◆ DATASET RECORDS:
definition mutual_info :: "real \<Rightarrow> real \<Rightarrow> nat \<Rightarrow> (aa \<Rightarrow> real) \<Rightarrow> (aa \<Rightarrow> codon \<Rightarrow> real) \<Rightarrow> real" where
  "mutual_info q \<gamma> m p c =
     (\<Sum>u\<in>UNIV. \<Sum>z\<in>UNIV.
        (let j = pU p c u * codon_chan q \<gamma> m u z in
         if j = 0 then 0 else j * log 2 (codon_chan q \<gamma> m u z / pZ q \<gamma> m p c z)))"

definition rate :: "real \<Rightarrow> real \<Rightarrow> nat \<Rightarrow> (aa \<Rightarrow> real) \<Rightarrow> real" where
  "rate q \<gamma> m p = (SUP c\<in>{c. is_cond c}. mutual_info q \<gamma> m p c - entropy_X p)"

definition capacity :: "real \<Rightarrow> real \<Rightarrow> nat \<Rightarrow> real" where
  "capacity q \<gamma> m = (SUP p\<in>{p. is_dist p}. rate q \<gamma> m p)"

definition point_mass :: "aa \<Rightarrow> aa \<Rightarrow> real" where
  "point_mass \<xi> = (\<lambda>x. if x = \<xi> then 1 else 0)"

definition max_out_entropy :: "real \<Rightarrow> real \<Rightarrow> nat \<Rightarrow> aa \<Rightarrow> real" where
  "max_out_entropy q \<gamma> m \<xi> = (SUP c\<in>{c. is_cond c}. entropy_Z q \<gamma> m (point_mass \<xi>) c)"

end

theory Submission
  imports Defs
begin

text \<open>
  The codon channel is symmetric: translating input and output codon by the same element of
  \<open>(\<int>/2)\<^sup>6\<close> preserves the transition probability. Hence all rows of the channel have the
  same entropy \<open>h\<close>, and \<open>I(Z;U) = H(Z) - h\<close> for every input. Since \<open>X'\<close> is a function of \<open>U\<close>,
  \<open>H(Z) \<le> H(X') + \<Sum> p(x') H(Z | X' = x')\<close>, so the rate is at most
  \<open>\<Sum> p(x') max H(Z | X' = x') - h \<le> max H(Z | X' = \<xi>') - h\<close>; the point mass at \<open>\<xi>'\<close>
  attains this bound because it has \<open>H(X') = 0\<close>.
\<close>

section \<open>Symmetry of the Kimura channel\<close>

text \<open>
  Identifying A, G, C, T with 00, 01, 10, 11 this is addition in \<open>(\<int>/2)\<^sup>2\<close>; the Kimura
  matrix depends only on the difference \<open>y + z\<close> (0: no mutation, G: transition, C or T:
  transversion).
\<close>
fun base_add :: "base \<Rightarrow> base \<Rightarrow> base" where
  "base_add BA b = b"
| "base_add BG b = (case b of BA \<Rightarrow> BG | BG \<Rightarrow> BA | BC \<Rightarrow> BT | BT \<Rightarrow> BC)"
| "base_add BC b = (case b of BA \<Rightarrow> BC | BG \<Rightarrow> BT | BC \<Rightarrow> BA | BT \<Rightarrow> BG)"
| "base_add BT b = (case b of BA \<Rightarrow> BT | BG \<Rightarrow> BC | BC \<Rightarrow> BG | BT \<Rightarrow> BA)"

lemma base_add_cancel [simp]: "base_add t (base_add t y) = y"
  by (cases t; cases y) simp_all

lemma base_add_eq_iff [simp]: "base_add t y = base_add t z \<longleftrightarrow> y = z"
  by (metis base_add_cancel)

lemma base_add_self: "base_add t t = BA"
  by (cases t) simp_all

lemma kimura_base_add: "kimura q g (base_add t y) (base_add t z) = kimura q g y z"
  by (cases t; cases y; cases z) (auto simp: kimura_def transition_pair_def doubleton_eq_iff)

lemma sum_base_add: "(\<Sum>w\<in>UNIV. f (base_add t w)) = (\<Sum>w\<in>UNIV. f w)"
  by (rule sum.reindex_bij_witness[of _ "base_add t" "base_add t"]) auto

lemma kimura_pow_base_add:
  "kimura_pow q g n (base_add t y) (base_add t z) = kimura_pow q g n y z"
proof (induction n arbitrary: z)
  case 0
  show ?case by simp
next
  case (Suc n)
  have "kimura_pow q g (Suc n) (base_add t y) (base_add t z)
      = (\<Sum>w\<in>UNIV. kimura_pow q g n (base_add t y) (base_add t w)
                     * kimura q g (base_add t w) (base_add t z))"
    using sum_base_add[of "\<lambda>w. kimura_pow q g n (base_add t y) w * kimura q g w (base_add t z)" t]
    by simp
  also have "\<dots> = kimura_pow q g (Suc n) y z"
    by (simp add: Suc kimura_base_add)
  finally show ?case .
qed

lemma kimura_pow_from_BA: "kimura_pow q g n BA (base_add y z) = kimura_pow q g n y z"
  using kimura_pow_base_add[of q g n y y z] by (simp add: base_add_self)

definition codon_add :: "codon \<Rightarrow> codon \<Rightarrow> codon" where
  "codon_add u z = (base_add (fst u) (fst z), base_add (fst (snd u)) (fst (snd z)),
                    base_add (snd (snd u)) (snd (snd z)))"

lemma codon_add_cancel [simp]: "codon_add u (codon_add u z) = z"
  by (simp add: codon_add_def)

lemma codon_chan_codon_add: "codon_chan q g m u z = codon_chan q g m (BA, BA, BA) (codon_add u z)"
  by (cases u; cases z) (simp add: codon_chan_def codon_add_def kimura_pow_from_BA)

definition chan_row_entropy :: "real \<Rightarrow> real \<Rightarrow> nat \<Rightarrow> real" where
  "chan_row_entropy q g m = - (\<Sum>z\<in>UNIV. plog (codon_chan q g m (BA, BA, BA) z))"

lemma chan_row_entropy_eq: "(\<Sum>z\<in>UNIV. plog (codon_chan q g m u z)) = - chan_row_entropy q g m"
proof -
  have "(\<Sum>z\<in>UNIV. plog (codon_chan q g m u z))
      = (\<Sum>z\<in>UNIV. plog (codon_chan q g m (BA, BA, BA) (codon_add u z)))"
    by (simp add: codon_chan_codon_add[of q g m u])
  also have "\<dots> = (\<Sum>z\<in>UNIV. plog (codon_chan q g m (BA, BA, BA) z))"
    by (rule sum.reindex_bij_witness[of _ "codon_add u" "codon_add u"]) auto
  finally show ?thesis
    by (simp add: chan_row_entropy_def)
qed

definition kimura_params :: "real \<Rightarrow> real \<Rightarrow> bool" where
  "kimura_params q g \<longleftrightarrow> 0 \<le> q \<and> q \<le> 1 \<and> 0 \<le> g \<and> g \<le> 3/2"

lemma kimura_nonneg: "kimura_params q g \<Longrightarrow> 0 \<le> kimura q g y z"
  by (auto simp: kimura_params_def kimura_def)

lemma kimura_pow_nonneg: "kimura_params q g \<Longrightarrow> 0 \<le> kimura_pow q g n y z"
  by (induction n arbitrary: z) (auto intro!: sum_nonneg mult_nonneg_nonneg kimura_nonneg)

lemma codon_chan_nonneg: "kimura_params q g \<Longrightarrow> 0 \<le> codon_chan q g m u z"
  by (cases u; cases z) (auto simp: codon_chan_def intro!: mult_nonneg_nonneg kimura_pow_nonneg)

lemma kimura_row_sum: "(\<Sum>z\<in>UNIV. kimura q g y z) = 1"
  by (cases y) (simp_all add: UNIV_base kimura_def transition_pair_def doubleton_eq_iff algebra_simps)

lemma kimura_pow_row_sum: "(\<Sum>z\<in>UNIV. kimura_pow q g n y z) = 1"
proof (induction n)
  case 0
  show ?case by (simp add: sum.delta)
next
  case (Suc n)
  have "(\<Sum>z\<in>UNIV. kimura_pow q g (Suc n) y z)
      = (\<Sum>w\<in>UNIV. \<Sum>z\<in>UNIV. kimura_pow q g n y w * kimura q g w z)"
    by (simp only: kimura_pow.simps) (rule sum.swap)
  also have "\<dots> = 1"
    by (simp add: sum_distrib_left[symmetric] kimura_row_sum Suc)
  finally show ?case .
qed

lemma sum_UNIV_triple:
  "(\<Sum>z\<in>(UNIV :: ('a::finite \<times> 'b::finite \<times> 'c::finite) set). f z)
   = (\<Sum>a\<in>UNIV. \<Sum>b\<in>UNIV. \<Sum>c\<in>UNIV. f (a, b, c))"
  by (simp add: sum.cartesian_product UNIV_Times_UNIV[symmetric] del: UNIV_Times_UNIV)

lemma codon_chan_row_sum: "(\<Sum>z\<in>UNIV. codon_chan q g m u z) = 1"
  by (cases u) (simp add: sum_UNIV_triple codon_chan_def kimura_pow_row_sum
      sum_distrib_left[symmetric] sum_distrib_right[symmetric])

lemma plog_mult: "0 \<le> a \<Longrightarrow> 0 \<le> b \<Longrightarrow> plog (a * b) = plog a * b + a * plog b"
  by (auto simp: plog_def log_mult algebra_simps)

lemma plog_superadditive:
  assumes "0 \<le> a" "0 \<le> b"
  shows "plog a + plog b \<le> plog (a + b)"
proof (cases "a = 0 \<or> b = 0")
  case True
  then show ?thesis by (auto simp: plog_def)
next
  case False
  with assms have "0 < a" "0 < b" by auto
  then have "a * log 2 a + b * log 2 b \<le> a * log 2 (a + b) + b * log 2 (a + b)"
    by (intro add_mono mult_left_mono) auto
  with \<open>0 < a\<close> \<open>0 < b\<close> show ?thesis
    by (simp add: plog_def algebra_simps)
qed

lemma plog_sum_le:
  "finite A \<Longrightarrow> (\<And>x. x \<in> A \<Longrightarrow> 0 \<le> f x) \<Longrightarrow> (\<Sum>x\<in>A. plog (f x)) \<le> plog (\<Sum>x\<in>A. f x)"
proof (induction A rule: finite_induct)
  case empty
  show ?case by (simp add: plog_def)
next
  case (insert a A)
  then have "(\<Sum>x\<in>insert a A. plog (f x)) \<le> plog (f a) + plog (\<Sum>x\<in>A. f x)"
    by simp
  also have "\<dots> \<le> plog (f a + (\<Sum>x\<in>A. f x))"
    using insert by (intro plog_superadditive) (auto intro: sum_nonneg)
  finally show ?case
    using insert by simp
qed

lemma plog_ge: assumes "0 \<le> t" shows "-2 \<le> plog t"
proof (cases "t = 0")
  case True
  then show ?thesis by (simp add: plog_def)
next
  case False
  with assms have t: "0 < t" by simp
  have "ln (1 / t) \<le> 1 / t - 1"
    using t by (intro ln_le_minus_one) simp
  then have "t * (1 - 1 / t) \<le> t * ln t"
    using t by (intro mult_left_mono) (auto simp: ln_div)
  then have "t - 1 \<le> t * ln t"
    using t by (simp add: algebra_simps)
  moreover have "1 / 2 < ln (2 :: real)"
    using ln2_ge_two_thirds by simp
  ultimately have "-1 / ln 2 \<le> t * ln t / ln 2" and "-2 \<le> -1 / ln (2 :: real)"
    using t by (auto intro: divide_right_mono simp: field_simps)
  then show ?thesis
    using t by (simp add: plog_def log_def)
qed

lemma point_mass_is_dist: "is_dist (point_mass x)"
  by (simp add: is_dist_def point_mass_def)

lemma entropy_X_point_mass: "entropy_X (point_mass x) = 0"
proof -
  have "plog (point_mass x y) = 0" for y
    by (simp add: point_mass_def plog_def)
  then show ?thesis
    by (simp add: entropy_X_def)
qed

lemma surj_gcode: "surj gcode"
proof -
  have "x \<in> range gcode" for x
    by (induction x) (rule range_eqI, rule gcode.simps[symmetric])+
  then show ?thesis by blast
qed

lemma ex_is_cond: "\<exists>c. is_cond c"
proof -
  define c where "c x u = (if u = inv gcode x then 1 else 0 :: real)" for x u
  have "inv gcode x \<in> fibre x" for x
    using surj_gcode by (simp add: fibre_def surj_f_inv_f)
  then have "is_cond c"
    by (auto simp: is_cond_def c_def sum.delta')
  then show ?thesis by blast
qed

lemma cond_sum_UNIV: "is_cond c \<Longrightarrow> (\<Sum>u\<in>UNIV. c x u) = 1"
  unfolding is_cond_def by (subst sum.mono_neutral_right[of UNIV "fibre x"]) auto

lemma cond_outside_fibre: "is_cond c \<Longrightarrow> gcode u \<noteq> x \<Longrightarrow> c x u = 0"
  unfolding is_cond_def fibre_def by blast

lemma pU_eq_sum:
  assumes "is_cond c"
  shows "pU p c u = (\<Sum>x\<in>UNIV. p x * c x u)"
proof -
  have "c x u = 0" if "x \<noteq> gcode u" for x
    using assms that by (simp add: cond_outside_fibre)
  then have "(\<Sum>x\<in>UNIV. p x * c x u) = (\<Sum>x\<in>UNIV. if x = gcode u then p x * c x u else 0)"
    by (intro sum.cong) auto
  then show ?thesis
    by (simp add: pU_def)
qed

lemma pU_point_mass: "is_cond c \<Longrightarrow> pU (point_mass x) c u = c x u"
  by (auto simp: pU_def point_mass_def cond_outside_fibre)

lemma pU_nonneg: "is_dist p \<Longrightarrow> is_cond c \<Longrightarrow> 0 \<le> pU p c u"
  unfolding pU_def is_dist_def is_cond_def by (blast intro: mult_nonneg_nonneg)

lemma pU_sum:
  assumes "is_dist p" "is_cond c"
  shows "(\<Sum>u\<in>UNIV. pU p c u) = 1"
proof -
  have "(\<Sum>u\<in>UNIV. pU p c u) = (\<Sum>u\<in>UNIV. \<Sum>x\<in>UNIV. p x * c x u)"
    using assms(2) by (simp add: pU_eq_sum)
  also have "\<dots> = (\<Sum>x\<in>UNIV. \<Sum>u\<in>UNIV. p x * c x u)"
    by (rule sum.swap)
  also have "\<dots> = 1"
    using assms by (simp add: sum_distrib_left[symmetric] cond_sum_UNIV is_dist_def)
  finally show ?thesis .
qed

◆ WHAT THE EXERCISE ASKS: Which lines of the listing contain the word "noteq"? Copy each of them.

◆ TASK OUTPUT:
lemma cond_outside_fibre: "is_cond c \<Longrightarrow> gcode u \<noteq> x \<Longrightarrow> c x u = 0"
  have "c x u = 0" if "x \<noteq> gcode u" for x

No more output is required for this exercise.